This morning, Bloomberg Businessweek published an 11-page interview with Apple CEO Tim Cook. Tonight, he'll appear on NBC News' Rock Center with Brian Williams, perched over the trademark wood tables of the enormous Apple Store in New York City's Grand Central Station.
Outside of press events and the occasional low-key public appearance, Cook has largely avoided a media blitz since taking the reins in Cupertino after Steve Jobs' death in 2011. He participated in D: All Things Digital earlier this year, but so did his former boss. This is different. Apple's handlers are putting him out there.
But why? And why now?
"Apple has changed every day since I have been here."
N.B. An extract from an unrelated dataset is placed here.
(* Consider the one-stage ANC game described in the context with scalar control ($m=1$). Suppose that for every $x\in\mathbb{R}^n$ and $a\in\mathcal{A}$ the functions $u\mapsto\Sigma(F(x,u),u,a)$ and $u\mapsto\Sigma(F(x,0),u,a)$ are convex on $\mathbb{R}$ and continuously differentiable on $\mathbb{R}$ except possibly at finitely many points; let $U^d=U^d(x)$ be the set of such exceptional points. Let $\mathcal{G}=\{a_1,a_2\}\subset\mathcal{A}$ with $a_1\ne a_2$. (i) If for every $x,s$ there exists $\bar u\notin U^d$ such that $h^{x,s}_{a_1}(\bar u)=h^{x,s}_{a_2}(\bar u)$ and $h^{x,s}_i(\bar u)\ge h^{x,s}_a(\bar u)$ for all $i\in\mathcal{G}$, $a\notin\mathcal{G}$, and either $\frac{dh^{x,s}_{a_1}(\bar u)}{du}\cdot\frac{dh^{x,s}_{a_2}(\bar u)}{du}<0$ or $\frac{dh^{x,s}_{a_1}(\bar u)}{du}=\frac{dh^{x,s}_{a_2}(\bar u)}{du}=0$, then the game admits a non-pure saddle point $(u^*,p^* )$, $u^*\notin U^d$, with $p^*$ supported on $\mathcal{G}$. (ii) Conversely, if the game admits a non-pure saddle point $(u^*,p^* )$, $u^*\notin U^d$, with $p^*$ supported on $\mathcal{G}$, then there exists $\bar u\notin U^d$ such that $h^{x,s}_{a_1}(\bar u)=h^{x,s}_{a_2}(\bar u)$ and either $\frac{dh^{x,s}_{a_1}(\bar u)}{du}\cdot\frac{dh^{x,s}_{a_2}(\bar u)}{du}<0$ or $\frac{dh^{x,s}_{a_1}(\bar u)}{du}=\frac{dh^{x,s}_{a_2}(\bar u)}{du}=0$.
   Context: Setting (one-stage ANC game). Let $\mathcal{F}=\{1,\dots,|\mathcal{F}|\}$ be a finite set of transmission regimes and $\mathcal{A}=\{1,\dots,N\}$ a finite set of jammer actions. For each $a\in\mathcal{A}$ let $P(a)$ be an $|\mathcal{F}|\times|\mathcal{F}|$ row-stochastic matrix, and let $q\in[0,1]^{|\mathcal{F}|}$. Let $F:\mathbb{R}^n\times\mathbb{R}^m\to\mathbb{R}^n$, $\sigma^0:\mathbb{R}^n\times\mathbb{R}^m\to\mathbb{R}$, $\sigma^1:\mathbb{R}^n\to\mathbb{R}$, $g^0:\mathcal{A}\times\mathcal{F}\to\mathbb{R}$. For a plant state $x$ and regime $s$, the controller chooses $u\in\mathbb{R}^m$, the jammer chooses $p\in\mathcal{S}_{N-1}$ (unit simplex in $\mathbb{R}^N$); $a$ is drawn according to $p$, $s^+$ with $\mathrm{Pr}(s^+=i)=P_{si}(a)$, $b\in\{0,1\}$ with $\mathrm{Pr}(b=1\mid s^+)=q_{s^+}$, and $x^+=F(x,bu)$. Payoff $\Sigma(x^+,u,a)=\sigma^0(x,u)+\sigma^1(x^+)-g^0(a,s)$, with expectation $p'h^{x,s}(u)$ where $h^{x,s}_i(u)=(P(i)q)_s\Sigma(F(x,u),u,i)+(1-(P(i)q)_s)\Sigma(F(x,0),u,i)$, $(P(i)q)_s$ being the $s$-th entry of $P(i)q$. A saddle point is $(u^*,p^* )\in\mathbb{R}^m\times\mathcal{S}_{N-1}$ with $p'h^{x,s}(u^* )\le(p^* )'h^{x,s}(u^* )\le(p^* )'h^{x,s}(u)$ for all $u,p$. It is non-pure if $p^*$ has at least two positive components; "$p^*$ supported on $\mathcal{G}$" means $p^*_a=0$ for $a\notin\mathcal{G}$. *)

theory Defs
  imports "HOL-Analysis.Analysis"
begin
"I think it's reflective of an Apple that's demonstrating it's still 'Apple' but being led in a different way by Tim Cook who's bringing his own style of leadership to the Apple culture," suggests Gartner's Michael Gartenberg, whose coverage of Apple included occasional run-ins with Jobs over the years. It's impossible to mistake the two: Cook, the tall, soft-spoken gentleman with the slight southern drawl who served as Chief Operating Officer in the Jobs regime, is a numbers guy. Steve Jobs was, well, Steve Jobs. "Apple has changed every day since I have been here," says Cook in his Bloomberg Businessweek sit-down.
Cook has had more than a year to assert himself, though, and a recent string of miscues could have Apple — which is used to delivering virtually unbounded black ink on Wall Street — on the defensive. In July, the company briefly pulled its products from the EPEAT environmental certification program before a backlash prompted it to backtrack and issue an apology penned by VP Bob Mansfield. Two months later, Apple's homegrown Maps app launched with a thud on iOS 6, prompting Cook himself to publish an apology and suggest third-party alternatives. And Scott Forstall, the longtime iOS boss, was pushed out the door just weeks afterwards, allegedly for failing to take the blame, while superstar industrial designer Jony Ive was given the keys to iOS's overripe (and deeply skeuomorphic) user experience. It's an unprecedented amount of humility, controversy, and upheaval for a company that has prided itself on massive growth and stability in the executive ranks, a team of loyal, experienced winners hand-picked by Jobs himself.
A recent string of miscues could have Apple on the defensive
Investors — almost invariably bullish on the goose that keeps laying golden eggs — have seemingly started to take notice, sending shares of AAPL to some of their lowest levels since the iPhone 5 launch in September. In light of that, a calculated plan to reassure Wall Street by showing Cook is real, capable, and fully in charge of a healthy organization could be just what the doctor ordered. Indeed, there were some fear-assuaging comments injected into today's blitz: he teased that television was on the verge of becoming a far more serious business for the company, and he noted that some Mac manufacturing will move to the US in a year that Apple has been battered by accusations of mistreatment of Chinese workers at Foxconn, where tens of millions of iPads and iPhones are feverishly made every year.
By most measures, Cook's first year at the helm has been an unqualified success: he's delivering record profits, new products, and hints of a roadmap for moving forward. But the shadow of the industry's greatest visionary looms large: is this Tim Cook's Apple, or a decaying silhouette of Steve Jobs' Apple? With a well-orchestrated press tour, Cupertino wants you to believe it's turned a new page.